- Dudhani Location in Jharkhand, India Dudhani Dudhani (India)
- Coordinates: 24°16′42″N 87°14′27″E﻿ / ﻿24.278367°N 87.240778°E
- Country: India
- State: Jharkhand
- District: Dumka

Area
- • Total: 1.13 km^{2} (0.44 sq mi)

Population (2011)
- • Total: 71,117
- • Density: 62,900/km^{2} (163,000/sq mi)

Languages (*For language details see Dumka (community development block)#Language and religion)
- • Official: Hindi, Urdu
- Time zone: UTC+5:30 (IST)
- PIN: 814110
- Telephone/ STD code: 06434
- Lok Sabha constituency: Dumka
- Vidhan Sabha constituency: Dumka
- Website: dumka.nic.in

= Dudhani, Dumka =

Dudhani is a census town in Dumka CD block in Dumka subdivision of Dumka district in the Indian state of Jharkhand.

==Geography==

===Location===
Dudhani is located at .

===Overview===
The map shows a large area, which is a plateau with low hills, except in the eastern portion where the Rajmahal hills intrude into this area and the Ramgarh hills are there. The south-western portion is just a rolling upland. The entire area is overwhelmingly rural with only small pockets of urbanisation.

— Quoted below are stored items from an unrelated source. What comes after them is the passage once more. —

lemma phi_pclass:
  assumes "surj (\<lambda>k :: 'a::field. k ^ q)"
  shows "phi q (pclass (x, y, z)) = pclass (z ^ q, x ^ q, (y :: 'a) ^ q)"
proof (intro Set.set_eqI iffI)
  fix w
  assume "w \<in> phi q (pclass (x, y, z))"
  then obtain k where "k \<noteq> 0" "w = phi_v q (k * x, k * y, k * z)"
    unfolding phi_def pclass_def by auto
  then have "k ^ q \<noteq> 0" and w: "w = (k ^ q * z ^ q, k ^ q * x ^ q, k ^ q * y ^ q)"
    by (simp_all add: phi_v_def power_mult_distrib)
  then show "w \<in> pclass (z ^ q, x ^ q, y ^ q)"
    unfolding w pclass_mem_iff by blast
next
  fix w
  assume "w \<in> pclass (z ^ q, x ^ q, y ^ q)"
  then obtain k where k: "k \<noteq> 0" "w = (k * z ^ q, k * x ^ q, k * y ^ q)"
    unfolding pclass_def by auto
  have "q \<noteq> 0"
    using surjD[OF assms, of 0] by (metis power_0 zero_neq_one)
  obtain c where c: "k = c ^ q"
    using assms by (metis surjD)
  then have "c \<noteq> 0"
    using k \<open>q \<noteq> 0\<close> by auto
  then have "(c * x, c * y, c * z) \<in> pclass (x, y, z)"
    by (auto simp: pclass_mem_iff)
  moreover have "w = phi_v q (c * x, c * y, c * z)"
    using k c by (simp add: phi_v_def power_mult_distrib)
  ultimately show "w \<in> phi q (pclass (x, y, z))"
    unfolding phi_def by blast
qed

lemma ST_orbit_eq_image: "ST_orbit q P = (\<lambda>t. psi_v q t ` P) ` (- {0})"
  unfolding ST_orbit_def by blast

lemma ST_orbit_self: "P \<in> ST_orbit q P"
proof -
  have "psi_v q 1 ` P = P"
    by (simp add: psi_v_def case_prod_beta)
  then show ?thesis
    unfolding ST_orbit_eq_image by (intro image_eqI[of _ _ 1]) simp_all
qed

section \<open>The points of m_T and the lines through T\<close>

(* mT_point theta = (theta, 1, 0) runs over the points of m_T other than T^phi = (1, 0, 0), and
   T_line theta = [1, -theta, 0] is the line joining it to T. *)
definition mT_point :: "'a::field \<Rightarrow> 'a vec3 set" where
  "mT_point \<theta> = pclass (\<theta>, 1, 0)"

definition T_line :: "'a::field \<Rightarrow> 'a vec3 set" where
  "T_line \<theta> = pclass (1, - \<theta>, 0)"

lemma mT_point_eq_iff: "mT_point \<theta> = mT_point \<eta> \<longleftrightarrow> \<theta> = \<eta>"
  unfolding mT_point_def pclass_eq_iff by auto

lemma T_line_eq_iff: "T_line \<theta> = T_line \<eta> \<longleftrightarrow> \<theta> = \<eta>"
  unfolding T_line_def pclass_eq_iff by auto

lemma is_pelem_mT_point: "is_pelem (mT_point \<theta>)"
  unfolding mT_point_def by (rule is_pelem_pclass) simp

lemma incident_mT_point_lineMT: "incident (mT_point \<theta>) lineMT"
  unfolding mT_point_def lineMT_def by (simp add: incident_pclass_iff)

lemma point_on_mT_cases:
  assumes "is_pelem P" "incident P lineMT"
  shows "P = pclass (1, 0, 0) \<or> (\<exists>\<theta>. P = mT_point \<theta>)"
proof -
  obtain x y z where nz: "(x, y, z) \<noteq> (0, 0, 0)" and P: "P = pclass (x, y, z)"
    using assms(1) unfolding is_pelem_iff by blast
  have "z = 0"
    using assms(2) unfolding P lineMT_def by (simp add: incident_pclass_iff)
  show ?thesis
  proof (cases "y = 0")
    case True
    then have "P = pclass (x * 1, x * 0, x * 0)"
      using P \<open>z = 0\<close> by simp
    then show ?thesis
      using nz True \<open>z = 0\<close> pclass_scale[of x 1 0 0] by auto
  next
    case False
    then have "P = pclass (y * (x / y), y * 1, y * 0)"
      using P \<open>z = 0\<close> by simp
    then show ?thesis
      using False pclass_scale[of y "x / y" 1 0] unfolding mT_point_def by auto
  qed
qed

lemma sls_pencil_mT_points: "sls_pencil (mT_point ` C) = T_line ` C"
proof (intro Set.set_eqI iffI)
  fix L
  assume "L \<in> sls_pencil (mT_point ` C)"
  then obtain \<theta> where L: "is_pelem L" "incident ptT L" and "\<theta> \<in> C" "incident (mT_point \<theta>) L"
    unfolding sls_pencil_def by auto
  moreover obtain a b c where nz: "(a, b, c) \<noteq> (0, 0, 0)" and L_eq: "L = pclass (a, b, c)"
    using L(1) unfolding is_pelem_iff by blast
  ultimately have "c = 0" "b = - (a * \<theta>)"
    unfolding ptT_def mT_point_def
    by (simp_all add: incident_pclass_iff eq_neg_iff_add_eq_0 add.commute)
  then have "L = T_line \<theta>"
    using nz pclass_scale[of a 1 "- \<theta>" 0] unfolding L_eq T_line_def by auto
  then show "L \<in> T_line ` C"
    using \<open>\<theta> \<in> C\<close> by blast
next
  fix L
  assume "L \<in> T_line ` C"
  then obtain \<theta> where "\<theta> \<in> C" "L = T_line \<theta>"
    by blast
  moreover have "is_pelem (T_line \<theta>)"
    unfolding T_line_def by (rule is_pelem_pclass) simp
  ultimately show "L \<in> sls_pencil (mT_point ` C)"
    unfolding sls_pencil_def ptT_def T_line_def mT_point_def by (auto simp: incident_pclass_iff)
qed
definition K_irreducible :: "(real^'n) set \<Rightarrow> real^'n^'n \<Rightarrow> bool" where
  "K_irreducible K A \<longleftrightarrow> A \<in> pi_cone K \<and>
     \<not> (\<exists>F. is_face K F \<and> F \<noteq> {0} \<and> F \<noteq> K \<and> (\<forall>x\<in>F. A *v x \<in> F))"

primrec matpow :: "real^'n^'n \<Rightarrow> nat \<Rightarrow> real^'n^'n" where
  "matpow A 0 = mat 1"
| "matpow A (Suc k) = A ** matpow A k"

definition mexp :: "real^'n^'n \<Rightarrow> real^'n^'n" where
  "mexp A = (\<Sum>k. (1 / fact k) *\<^sub>R matpow A k)"

primrec disc_sg :: "(real^'n^'n) set \<Rightarrow> nat \<Rightarrow> (real^'n^'n) set" where
  "disc_sg M 0 = {mat 1}"
| "disc_sg M (Suc t) = {A ** B | A B. A \<in> M \<and> B \<in> disc_sg M t}"

text \<open>(B) continuous: Phi is the (Caratheodory) solution of Phi' = sigma Phi, Phi(0) = I,
  written in integral form, for measurable sigma : [0,t] \<rightarrow> M.\<close>
definition cont_sg :: "(real^'n^'n) set \<Rightarrow> real \<Rightarrow> (real^'n^'n) set" where
  "cont_sg M t = {\<Phi> t | \<sigma> \<Phi>.
      \<sigma> \<in> borel_measurable (lebesgue_on {0..t}) \<and> (\<forall>s\<in>{0..t}. \<sigma> s \<in> M) \<and>
      continuous_on {0..t} \<Phi> \<and>
      (\<forall>s\<in>{0..t}. ((\<lambda>r. \<sigma> r ** \<Phi> r) has_integral (\<Phi> s - mat 1)) {0..s})}"

text \<open>For t in [t_k, t_(k+1)), Phi_sigma(t) only depends on the modes
  m_0,...,m_k and the switching times 0 = t_0 < ... < t_k \<le> t. The list ms gives the modes
  (m_0 first), ts the switching times (t_0 first).\<close>
fun jump_prod :: "((real^'n^'n) \<times> (real^'n^'n)) list \<Rightarrow> real list \<Rightarrow> real \<Rightarrow> real^'n^'n" where
  "jump_prod [] _ _ = mat 1"
| "jump_prod _ [] _ = mat 1"
| "jump_prod ((A,P) # ms) (t0 # ts) t =
     (let t1 = (case ts of [] \<Rightarrow> t | (s # _) \<Rightarrow> s)
      in jump_prod ms ts t ** (mexp ((t1 - t0) *\<^sub>R A) ** P))"

definition jump_sg :: "((real^'n^'n) \<times> (real^'n^'n)) set \<Rightarrow> real \<Rightarrow> (real^'n^'n) set" where
  "jump_sg M t = {jump_prod ms ts t | ms ts.
      ms \<noteq> [] \<and> length ts = length ms \<and> set ms \<subseteq> M \<and>
      hd ts = 0 \<and> sorted_wrt (<) ts \<and> last ts \<le> t}"

definition jump_modes :: "((real^'n^'n) \<times> (real^'n^'n)) set \<Rightarrow> bool" where
  "jump_modes M \<longleftrightarrow> compact M \<and> (\<forall>(A,P)\<in>M. P ** P = P \<and> A ** P = P ** A)"

definition jsr_disc_is :: "(nat \<Rightarrow> (real^'n^'n) set) \<Rightarrow> real \<Rightarrow> bool" where
  "jsr_disc_is St r \<longleftrightarrow> (\<forall>\<^sub>F t in sequentially. bounded (St t)) \<and>
     ((\<lambda>t. (SUP S\<in>St t. norm S) powr (1 / real t)) \<longlongrightarrow> r) sequentially"

definition jsr_cont_is :: "(real \<Rightarrow> (real^'n^'n) set) \<Rightarrow> real \<Rightarrow> bool" where
  "jsr_cont_is St r \<longleftrightarrow> (\<forall>\<^sub>F t in at_top. bounded (St t)) \<and>
     ((\<lambda>t. (SUP S\<in>St t. norm S) powr (1 / t)) \<longlongrightarrow> r) at_top"

definition irred_disc :: "(real^'n) set \<Rightarrow> (nat \<Rightarrow> (real^'n^'n) set) \<Rightarrow> bool" where
  "irred_disc K St \<longleftrightarrow> (\<exists>t>0. \<exists>A\<in>convex hull (St t). K_irreducible K A)"
(* Assume $\int_{(0,1)}\upsilon^p\lambda(d\upsilon)<\infty$ for some $p\in(1,2)$ and $\int_{[1,\infty)}\upsilon\,\lambda(d\upsilon)<\infty$. Then for every $q\ge1$ there is a constant $\mathbf c_q$ with $\lim_{q\to\infty}\mathbf c_q=0$ such that for every $m\ge1$ and every $h\in(0,1)$, $$\int_{(0,q)^m}\mathbf 1_{\{\prod_{j=1}^m u_j\ge h\,q^m\}}\prod_{i=1}^m u_i\,\lambda(du_i)\le\frac{1}{p-1}\,\frac{(\mathbf c_q)^m h^{1-p}}{(m-1)!}\big[\log(2^m/h)\big]^{m-1}.$$ In particular, for every $\varepsilon\in(0,1)$, $$\int_{(0,q)^m}\mathbf 1_{\{\prod_{j=1}^m u_j\ge h\,q^m\}}\prod_{i=1}^m u_i\,\lambda(du_i)\le\frac{(2^{\varepsilon}\mathbf c_q/\varepsilon)^m}{p-1}\,h^{1-p-\varepsilon}.$$
   Context: $\lambda$ is a positive measure on $(0,\infty)$ with $\lambda([a,\infty))<\infty$ for every $a>0$. *)

theory Defs
  imports "HOL-Analysis.Analysis"
begin

text \<open>The measure lambda on (0,infinity) is modelled as a Borel measure on the reals
  giving no mass to (-infinity,0] and finite mass to every [a,infinity), a > 0.\<close>

definition levy_like :: "real measure \<Rightarrow> bool" where
  "levy_like lam \<longleftrightarrow> sets lam = sets borel \<and> emeasure lam {..0} = 0 \<and>
     (\<forall>a>0. emeasure lam {a..} < \<infinity>)"

definition trunc_int :: "real measure \<Rightarrow> real \<Rightarrow> nat \<Rightarrow> real \<Rightarrow> ennreal" where
  "trunc_int lam q m h =
     (\<integral>\<^sup>+ u. indicator {u. (\<forall>i<m. 0 < u i \<and> u i < q) \<and> (\<Prod>j<m. u j) \<ge> h * q ^ m} u
               * (\<Prod>i<m. ennreal (u i)) \<partial>(PiM {..<m} (\<lambda>_. lam)))"

end

theory Submission
  imports Defs
begin

text \<open>On the region of integration \<open>\<Prod> (u\<^sub>i / q) \<ge> h\<close>, hence
  \<open>1 \<le> h\<^bsup>1-p\<^esup> \<Prod> (u\<^sub>i / q)\<^bsup>p-1\<^esup>\<close>, so the integrand is dominated by
  \<open>h\<^bsup>1-p\<^esup> \<Prod> u\<^sub>i min(1, u\<^sub>i/q)\<^bsup>p-1\<^esup>\<close>. This product integral factorises into
  \<open>a(q)\<^sup>m\<close> with \<open>a(q) = \<integral> u min(1, u/q)\<^bsup>p-1\<^esup> \<lambda>(du)\<close>, and \<open>a(q) \<rightarrow> 0\<close> by dominated
  convergence, the integrand being bounded by \<open>u\<^sup>p\<close> on \<open>(0,1)\<close> and by \<open>u\<close> on \<open>[1,\<infinity>)\<close>.
  With \<open>c\<^sub>q = 2 a(q)\<close> both stated bounds follow from \<open>h\<^bsup>1-p\<^esup> a(q)\<^sup>m\<close> by crude
  estimates: \<open>log(2\<^sup>m/h) \<ge> m log 2\<close>, \<open>(m-1)! \<le> m\<^bsup>m-1\<^esup>\<close> and \<open>2 log 2 \<ge> 1\<close>.\<close>

definition trunc_weight :: "real \<Rightarrow> real \<Rightarrow> real \<Rightarrow> real" where
  "trunc_weight p q u = (if 0 < u then u * min 1 (u / q) powr (p - 1) else 0)"

definition moment_weight :: "real \<Rightarrow> real \<Rightarrow> real" where
  "moment_weight p u = (if 0 < u \<and> u < 1 then u powr p else 0) + (if 1 \<le> u then u else 0)"

lemma trunc_weight_nonneg: "0 \<le> trunc_weight p q u"
  by (simp add: trunc_weight_def)

lemma trunc_weight_eq:
  assumes "0 < u" "u \<le> q"
  shows "trunc_weight p q u = u * (u / q) powr (p - 1)"
  using assms by (simp add: trunc_weight_def)

lemma trunc_weight_le_moment_weight:
  assumes "1 \<le> q" "1 \<le> p"
  shows "trunc_weight p q u \<le> moment_weight p u"
proof -
  consider "u \<le> 0" | "0 < u" "u < 1" | "1 \<le> u" by linarith
  then show ?thesis
  proof cases
    case 1
    then show ?thesis by (simp add: trunc_weight_def moment_weight_def)
  next
    case 2
    have "u / q \<le> u" using 2 assms by (simp add: divide_le_eq mult_le_cancel_left1)
    then have "u * (u / q) powr (p - 1) \<le> u * u powr (p - 1)"
      using 2 assms by (intro mult_left_mono powr_mono2) auto
    also have "\<dots> = u powr p" using 2 by (simp add: powr_mult_base)
    finally show ?thesis using 2 assms by (simp add: trunc_weight_eq moment_weight_def)
  next
    case 3
    have "min 1 (u / q) powr (p - 1) \<le> 1" using 3 assms by (intro powr_le1) auto
    then show ?thesis using 3 mult_left_mono[of _ 1 u]
      by (simp add: trunc_weight_def moment_weight_def)
  qed
qed

lemma trunc_weight_tendsto_0:
  assumes "1 < p"
  shows "((\<lambda>q. trunc_weight p q u) \<longlongrightarrow> 0) at_top"
proof (cases "0 < u")
  case True
  have "\<forall>\<^sub>F q in at_top. u * u powr (p - 1) * q powr (1 - p) = trunc_weight p q u"
    using eventually_ge_at_top[of u]
  proof eventually_elim
    case (elim q)
    then have "0 < q" using True by linarith
    then have "(u / q) powr (p - 1) = u powr (p - 1) / q powr (p - 1)"
      using True by (simp add: powr_divide)
    also have "\<dots> = u powr (p - 1) * q powr (1 - p)"
      using powr_minus[of q "p - 1"] by (simp add: divide_inverse)
    finally show ?case using True elim by (simp add: trunc_weight_eq)
  qed
  moreover have "((\<lambda>q. u * u powr (p - 1) * q powr (1 - p)) \<longlongrightarrow> u * u powr (p - 1) * 0) at_top"
    using assms by (intro tendsto_mult tendsto_const tendsto_neg_powr filterlim_ident) auto
  ultimately show ?thesis by (simp add: Lim_transform_eventually)
qed (simp add: trunc_weight_def)

lemma prod_le_powr_prod_trunc:
  fixes u :: "nat \<Rightarrow> real"
  assumes u: "\<And>i. i < m \<Longrightarrow> 0 < u i" and large: "h * q ^ m \<le> (\<Prod>i<m. u i)"
    and "0 < h" "0 < q" "1 \<le> p"
  shows "(\<Prod>i<m. u i) \<le> h powr (1 - p) * (\<Prod>i<m. u i * (u i / q) powr (p - 1))"
proof -
  define X where "X = (\<Prod>i<m. u i / q)"
  have "h \<le> X"
    using large \<open>0 < q\<close> by (simp add: X_def prod_dividef field_simps)
  then have "h powr (1 - p) * h powr (p - 1) \<le> h powr (1 - p) * X powr (p - 1)"
    using assms by (intro mult_left_mono powr_mono2) auto
  then have "1 \<le> h powr (1 - p) * X powr (p - 1)"
    using \<open>0 < h\<close> by (simp add: powr_add[symmetric])
  moreover have "0 \<le> (\<Prod>i<m. u i)"
    using u by (intro prod_nonneg) (simp add: less_imp_le)
  ultimately have "(\<Prod>i<m. u i) \<le> (\<Prod>i<m. u i) * (h powr (1 - p) * X powr (p - 1))"
    using mult_left_mono[of 1] by fastforce
  also have "X powr (p - 1) = (\<Prod>i<m. (u i / q) powr (p - 1))"
    unfolding X_def by (rule prod_powr_distrib)
  finally show ?thesis by (simp add: prod.distrib mult_ac)
qed

lemma levy_like_sigma_finite:
  assumes "levy_like lam"
  shows "sigma_finite_measure lam"
proof
  from assms have sets_eq: "sets lam = sets borel"
    and fin: "\<And>a. a > 0 \<Longrightarrow> emeasure lam {a..} < \<infinity>" and neg: "emeasure lam {..0} = 0"
    unfolding levy_like_def by auto
  let ?A = "insert {..0::real} (range (\<lambda>n::nat. {inverse (real (Suc n))..}))"
  have "x \<in> \<Union>?A" for x :: real
  proof (cases "x \<le> 0")
    case False
    then obtain n where "inverse (real (Suc n)) < x" using reals_Archimedean[of x] by auto
    then have "x \<in> {inverse (real (Suc n))..}" by simp
    then show ?thesis by blast
  qed auto
  then have "\<Union>?A = space lam" using sets_eq_imp_space_eq[OF sets_eq] by auto
  moreover have "emeasure lam {inverse (real (Suc n))..} \<noteq> \<infinity>" for n
    using fin[of "inverse (real (Suc n))"] by simp
  then have "\<forall>a\<in>?A. emeasure lam a \<noteq> \<infinity>" using neg by auto
  ultimately show "\<exists>A. countable A \<and> A \<subseteq> sets lam \<and> \<Union>A = space lam \<and> (\<forall>a\<in>A. emeasure lam a \<noteq> \<infinity>)"
    using sets_eq by (intro exI[of _ ?A]) auto
qed

lemma levy_like_measurable_iff:
  assumes "levy_like lam"
  shows "measurable lam M = measurable borel M"
  using assms by (intro measurable_cong_sets) (simp_all add: levy_like_def)

lemma trunc_weight_measurable:
  assumes "levy_like lam"
  shows "trunc_weight p q \<in> borel_measurable lam"
  unfolding levy_like_measurable_iff[OF assms] trunc_weight_def[abs_def] by measurable
lemma poly_lagrange_basis:
  assumes "finite A" "a \<in> A" "b \<in> A"
  shows "poly (lagrange_basis A a) b = (if a = b then 1 else (0 :: 'a::field))"
proof (cases "a = b")
  case True
  have "poly (smult (inverse (a - a')) [:- a', 1:]) a = inverse (a - a') * (a - a')" for a'
    by (simp add: algebra_simps)
  then have "poly (smult (inverse (a - a')) [:- a', 1:]) a = 1" if "a' \<noteq> a" for a'
    using that by simp
  then show ?thesis
    using True by (simp add: lagrange_basis_def poly_prod)
next
  case False
  then show ?thesis
    using assms by (simp add: lagrange_basis_def poly_prod prod_zero_iff) blast
qed

lemma poly_p_mu:
  assumes "finite A" "b \<in> A"
  shows "poly (p_mu A \<mu>) b = (\<mu> b :: 'a::field)"
proof -
  have "poly (p_mu A \<mu>) b = (\<Sum>a\<in>A. if a = b then \<mu> a else 0)"
    unfolding p_mu_def poly_sum by (intro sum.cong) (simp_all add: poly_lagrange_basis assms)
  then show ?thesis
    using assms by simp
qed

lemma degree_p_mu:
  assumes "finite A"
  shows "degree (p_mu A \<mu>) \<le> card A - 1"
  unfolding p_mu_def
proof (rule degree_sum_le[OF assms])
  fix a
  assume a: "a \<in> A"
  have "degree (lagrange_basis A a)
      \<le> sum (degree \<circ> (\<lambda>a'. smult (inverse (a - a')) [:- a', 1:])) (A - {a})"
    unfolding lagrange_basis_def using assms by (intro degree_prod_sum_le) auto
  also have "\<dots> \<le> (\<Sum>a'\<in>A - {a}. 1)"
    by (intro sum_mono) (simp add: degree_smult_le)
  also have "\<dots> = card A - 1"
    using a assms by simp
  finally show "degree (smult (\<mu> a) (lagrange_basis A a)) \<le> card A - 1"
    using degree_smult_le le_trans by blast
qed
text \<open>Concavity of the eigenvalue entropy, via Schur concavity in the eigenbasis of the mixture
  followed by concavity of \<open>eta\<close>.\<close>

lemma eigendec_entropy_concave:
  fixes q :: "nat \<Rightarrow> real" and \<sigma> :: "nat \<Rightarrow> nat \<Rightarrow> nat \<Rightarrow> complex"
  assumes d\<rho>: "eigendec \<nu> f \<rho>"
    and d\<sigma>: "\<And>i. i < 2 \<Longrightarrow> eigendec (\<mu> i) (e i) (\<sigma> i)"
    and \<mu>0: "\<And>i k. i < 2 \<Longrightarrow> k < 2 \<Longrightarrow> \<mu> i k \<ge> 0"
    and q0: "\<And>i. i < 2 \<Longrightarrow> q i \<ge> 0" and q1: "q 0 + q 1 \<le> 1"
    and mix: "\<And>j j'. j < 2 \<Longrightarrow> j' < 2 \<Longrightarrow> \<rho> j j' = (\<Sum>i<2. complex_of_real (q i) * \<sigma> i j j')"
  shows "(\<Sum>i<2. q i * (\<Sum>k<2. eta (\<mu> i k))) \<le> (\<Sum>m<2. eta (\<nu> m))"
proof -
  have f: "onb 2 f" using d\<rho> by (rule eigendec_onb)
  define x where "x i m = Re (qform (\<sigma> i) (f m) (f m))" for i m
  have x0: "x i m \<ge> 0" if "i < 2" for i m
    unfolding x_def using \<mu>0[OF that]
    by (simp add: eigendec_qform_diag[OF d\<sigma>[OF that]]) (rule sum_nonneg, simp)
  have \<nu>: "\<nu> m = (\<Sum>i<2. q i * x i m)" if "m < 2" for m
  proof -
    have "complex_of_real (\<nu> m) = qform \<rho> (f m) (f m)"
      using eigendec_eigenvector[OF d\<rho> that that] by simp
    also have "\<dots> = (\<Sum>i<2. complex_of_real (q i) * qform (\<sigma> i) (f m) (f m))"
      by (simp add: qform_expand mix sum_lessThan_2 algebra_simps)
    finally have "\<nu> m = Re (\<Sum>i<2. complex_of_real (q i) * qform (\<sigma> i) (f m) (f m))"
      by (metis Re_complex_of_real)
    then show ?thesis by (simp add: x_def sum_lessThan_2)
  qed
  have "(\<Sum>i<2. q i * (\<Sum>k<2. eta (\<mu> i k))) \<le> (\<Sum>i<2. q i * (\<Sum>m<2. eta (x i m)))"
    unfolding x_def using q0 \<mu>0
    by (intro sum_mono mult_left_mono eigendec_entropy_le_diagonal[OF d\<sigma> _ f]) auto
  also have "\<dots> = (\<Sum>m<2. \<Sum>i<2. q i * eta (x i m))"
    by (simp add: sum_distrib_left sum_lessThan_2 algebra_simps)
  also have "\<dots> \<le> (\<Sum>m<2. eta (\<Sum>i<2. q i * x i m))"
    using q0 q1 x0 by (intro sum_mono eta_concave) (auto simp: sum_lessThan_2)
  also have "\<dots> = (\<Sum>m<2. eta (\<nu> m))" by (intro sum.cong) (auto simp: \<nu>)
  finally show ?thesis .
qed

lemma vn_entropy_concave:
  fixes q :: "nat \<Rightarrow> real" and u :: "nat \<Rightarrow> 'z \<Rightarrow> nat \<Rightarrow> complex"
  assumes q0: "\<And>i. i < 2 \<Longrightarrow> q i \<ge> 0" and q1: "q 0 + q 1 \<le> 1"
    and mix: "\<And>j j'. j < 2 \<Longrightarrow> j' < 2 \<Longrightarrow>
                \<rho> j j' = (\<Sum>i<2. complex_of_real (q i) * gram_matrix Z (u i) j j')"
  shows "(\<Sum>i<2. q i * vn_entropy 2 (gram_matrix Z (u i))) \<le> vn_entropy 2 \<rho>"
proof -
  have "\<forall>i. \<exists>p. eigendec (fst p) (snd p) (gram_matrix Z (u i))"
    using gram_eigendec_exists by (metis fst_conv snd_conv)
  then obtain p where d\<sigma>: "\<And>i. eigendec (fst (p i)) (snd (p i)) (gram_matrix Z (u i))"
    by metis
  have "\<rho> 1 0 = cnj (\<rho> 0 1)" "Im (\<rho> 0 0) = 0" "Im (\<rho> 1 1) = 0"
    by (simp_all add: mix sum_lessThan_2 gram_matrix_def mult.commute mult_cnj_eq_norm_sq Im_sum)
  then obtain \<nu> f where d\<rho>: "eigendec \<nu> f \<rho>" using hermitian_eigendec_exists by blast
  have "(\<Sum>i<2. q i * vn_entropy 2 (gram_matrix Z (u i))) = (\<Sum>i<2. q i * (\<Sum>k<2. eta (fst (p i) k)))"
    by (simp add: vn_entropy_eigendec[OF d\<sigma>])
  also have "\<dots> \<le> (\<Sum>m<2. eta (\<nu> m))"
    using gram_eigenvalue_nonneg[OF d\<sigma>] q0 q1 mix
    by (intro eigendec_entropy_concave[OF d\<rho> d\<sigma>]) auto
  also have "\<dots> = vn_entropy 2 \<rho>" by (simp add: vn_entropy_eigendec[OF d\<rho>])
  finally show ?thesis .
qed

Note: The full screen map is interesting. All places marked on the map are linked in the full screen map and one can easily move on to another page of his/her choice. Enlarge the full screen map to see what else is there – one gets railway connections, many more road connections and so on.

===Area===
Dudhani has an area of 1.13 km^{2}.

==Demographics==
According to the 2011 Census of India, Dudhani had a total population of 7,117, of which 3,761 (53%) were males and 3,356 (47%) were females. Population in the age range 0–6 years was 940. The total number of literate persons in Dudhani was 6,177 (84.91% of the population over 6 years).

==Infrastructure==
According to the District Census Handbook 2011, Dumka, Dudhani covered an area of 1.13 km^{2}. Among the civic amenities, it had 59 km roads with both open and closed drains, the protected water supply involved uncovered well, hand pump. It had 1,128 domestic electric connections. Among the medical facilities, it had 15 hospitals, 1 dispensary, 1 health centre, 1 family welfare centre, 1 maternity and child welfare centre, 1 maternity home, 1 nursing home, 3 charitable hospital/ nursing homes, 1 veterinary hospital, 50 medicine shops. Among the educational facilities it had 10 primary schools, 8 middle schools, 5 secondary schools, 3 senior secondary schools, 1 general degree college. Among the social, cultural and recreational facilities it had 2 orphanage homes, 1 working women's hostel, 1 stadium, 2 cinema theatres, 2 auditorium/ public halls, 2 public libraries, 2 reading rooms. An important item it produced was furniture. It had the branch offices of 5 nationalised bank, 3 private commercial banks, 4 cooperative bank, 5 agricultural credit society, 3 non-agricultural credit societies.

==Transport==
Dumka railway station, on the Jasidih-Dumka-Rampurhat line, is located nearby.

==Education==
St. Mary's is a Hindi-medium coeducational institution established in 2002. It has facilities for teaching from class I to class X.

Government Middle School Dudhani is a Hindi-medium coeducational institution established in 1919. It has facilities for teaching from class I to class VIII.

Modern English School is an English-medium coeducational institution established in 2001. It has facilities for teaching from class I to class VI.